Hi,
I explored various strategies to minimize worst-case lookup performance
for MethodType keys in LinearProbeHashtable. One idea is from the
"Hopscotch hashing" algorithm [1] which tries to optimize placement of
keys by moving them around at each insertion or deletion. While a
concurrent Hopscotch hashtable is possible, it requires additional
"metadata" about buckets which complicates it and does not make it
practical for implementing in Java until Java gets value types and
arrays of them. The simplest idea until then is to optimize placement of
keys when the table is rehashed. Normally when table is rehashed the old
table is scanned and entries from it inserted into new table. To achieve
similar effect to "Hopscotch hashing", the order in which keys are taken
from the old table and inserted into new table is changed. Keys are
ordered by increasing bucket index as it would be computed for the key
in the new table. Inserting in this order minimizes the worst-case
lookup performance. Doing this when rehashing and not at every insertion
or deletion guarantees that at least half of keys are optimally placed.

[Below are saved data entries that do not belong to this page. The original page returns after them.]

lemma F_trace:
  assumes z: "z \<in> M2"
  shows "F (e1 * z * e1 * e2) = F (e2 * e1 * z * e1)"
  using z
proof (induction z rule: level2.R1_induct)
  case (generator a b)
  have b_e1: "b * e1 \<in> M1" and e1_a: "e1 * a \<in> M1"
    using generator by simp_all
  have "e1 * (a * e2 * b) * e1 * e2 = (e1 * a) * (e2 * (b * e1) * e2)"
    by (simp add: mult.assoc)
  also have "\<dots> = (e1 * a * EM (b * e1)) * e2 * 1"
    using level2.e_absorb[OF b_e1] by (simp add: mult.assoc)
  finally have "F (e1 * (a * e2 * b) * e1 * e2) = EM (sc lam (e1 * a * EM (b * e1)))"
    using level2.ER_generator[of "e1 * a * EM (b * e1)" 1] b_e1 e1_a subalg_one[OF level1.subalg_R1]
    by simp
  also have "\<dots> = sc lam (EM (e1 * a) * EM (b * e1))"
    using b_e1 e1_a by (simp add: level1.ER_scale level1.ER_mult_right)
  finally have lhs: "F (e1 * (a * e2 * b) * e1 * e2) = sc lam (EM (e1 * a) * EM (b * e1))" .
  have "e2 * e1 * (a * e2 * b) * e1 = (e2 * (e1 * a) * e2) * (b * e1)"
    by (simp add: mult.assoc)
  also have "\<dots> = EM (e1 * a) * e2 * (b * e1)"
    using level2.e_absorb[OF e1_a] by simp
  finally have "F (e2 * e1 * (a * e2 * b) * e1) = EM (sc lam (EM (e1 * a) * (b * e1)))"
    using level2.ER_generator b_e1 e1_a by simp
  also have "\<dots> = sc lam (EM (e1 * a) * EM (b * e1))"
    using b_e1 e1_a by (simp add: level1.ER_scale level1.ER_mult_left)
  finally show ?case
    using lhs by simp
next
  case (add u v)
  then show ?case
    by (simp add: distrib_left distrib_right F_add)
qed simp

lemma F_antipode_exchange:
  assumes b: "b \<in> B" and b': "b' \<in> B" and antipode: "EM1 (b * e1 * e2) = EM1 (e2 * e1 * b')"
    and w: "w \<in> M1"
  shows "F (w * b' * e1 * e2) = F (b * w * e2 * e1)"
  using w
proof (induction w rule: level1.R1_induct)
  case (generator p r)
  have b_M2: "b \<in> M2" "b' \<in> M2"
    using b b' centralizer_subset by auto
  have "p * e1 * r * b' * e1 * e2 = p * (e1 * (b' * r) * e1 * e2)"
    using centralizer_commute[OF b' \<open>r \<in> M\<close>] by (simp add: mult.assoc)
  then have "F (p * e1 * r * b' * e1 * e2) = p * F (e1 * (b' * r) * e1 * e2)"
    using generator b_M2 by (simp add: F_mult_left)
  also have "\<dots> = p * F (e2 * e1 * (b' * r) * e1)"
    using generator b_M2 by (simp add: F_trace)
  also have "e2 * e1 * (b' * r) * e1 = (e2 * e1 * b') * (r * e1)"
    by (simp add: mult.assoc)
  also have "EM1 \<dots> = EM1 (e2 * e1 * b') * (r * e1)"
    using generator b_M2 by (simp add: level2.ER_mult_right)
  also have "\<dots> = EM1 (b * e1 * e2 * (r * e1))"
    using antipode generator b_M2 by (simp add: level2.ER_mult_right)
  also have "p * EM (\<dots>) = F (b * (p * e1 * r) * e2 * e1)"
  proof -
    have "b * (p * e1 * r) * e2 * e1 = (b * p) * e1 * (r * e2) * e1"
      by (simp add: mult.assoc)
    also have "\<dots> = p * (b * e1 * e2 * (r * e1))"
      using centralizer_commute[OF b \<open>p \<in> M\<close>] level2.e_commute[OF \<open>r \<in> M\<close>]
      by (simp add: mult.assoc)
    finally have "b * (p * e1 * r) * e2 * e1 = p * (b * e1 * e2 * (r * e1))" .
    then show ?thesis
      using generator b_M2 by (simp add: F_mult_left)
  qed
  finally show ?case .
next
  case (add u v)
  have "b \<in> M2" "b' \<in> M2"
    using b b' centralizer_subset by auto
  with add show ?case
    by (simp add: distrib_left distrib_right F_add)
qed simp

Another strategy to minimize worst-case lookup performance is to use
quadratic probe sequence instead of linear probe sequence. Normally,
when looking up a key, slots in the table are probed in the following
sequence (seq = 0, 1, 2 ...):
index(seq) = (hashCode + seq) % tableLength
Quadratic probing uses the following probe sequence:
index(seq) = (hashCode + seq * (seq + 1) / 2) % tableLength
Those two strategies can be combined. Here's a simulation of using those
two strategies in an open-addressing hashtable:
http://cr.openjdk.java.net/~plevart/misc/LinearProbeHashTable/lpht_MethodType_probe_sequence.txt
Using those strategies does not affect the average length of probing
sequence much (length of 0 means that the key was found at its home
location, length of 1 means that one non-equal key was probed before
finding the equal one, etc ...), but worst-case lookup performance is
greatly impacted. Combining both strategies minimizes the worst-case
lookup performance.
Benchmarking using those strategies reveals the average lookup
performance is consistently better than using CHM:
http://cr.openjdk.java.net/~plevart/misc/LinearProbeHashTable/lpht_MethodType_bench.pdf
The last trick to make this happen is stolen from CHM. The method type's
key is a WeakReference<MethodType> which caches the hashCode of
MethodType. By using cached hashCode in the key's equals()
implementation as a means of optimization, we achieve similar effect
that CHM achieves when it caches key's hashCode(s) in its Entry objects.
Here's the source of above benchmark:
http://cr.openjdk.java.net/~plevart/misc/LinearProbeHashTable/lpht_MethodType_bench_src.tgz
3 variations of LinearProbeHashtable are compared with CHM:
LinearProbeHashtable - the plain one from webrev.04.4
LinearProbeHashtable1 - using sorting of keys when rehashing to
optimize their placement
LinearProbeHashtable2 - combines sorting of keys with quadratic
probe sequence
I think LinearProbeHashtable2 could be used in MethodType interning
without fear of degrading lookup performance.
Regards, Peter
[1] https://en.wikipedia.org/wiki/Hopscotch_hashing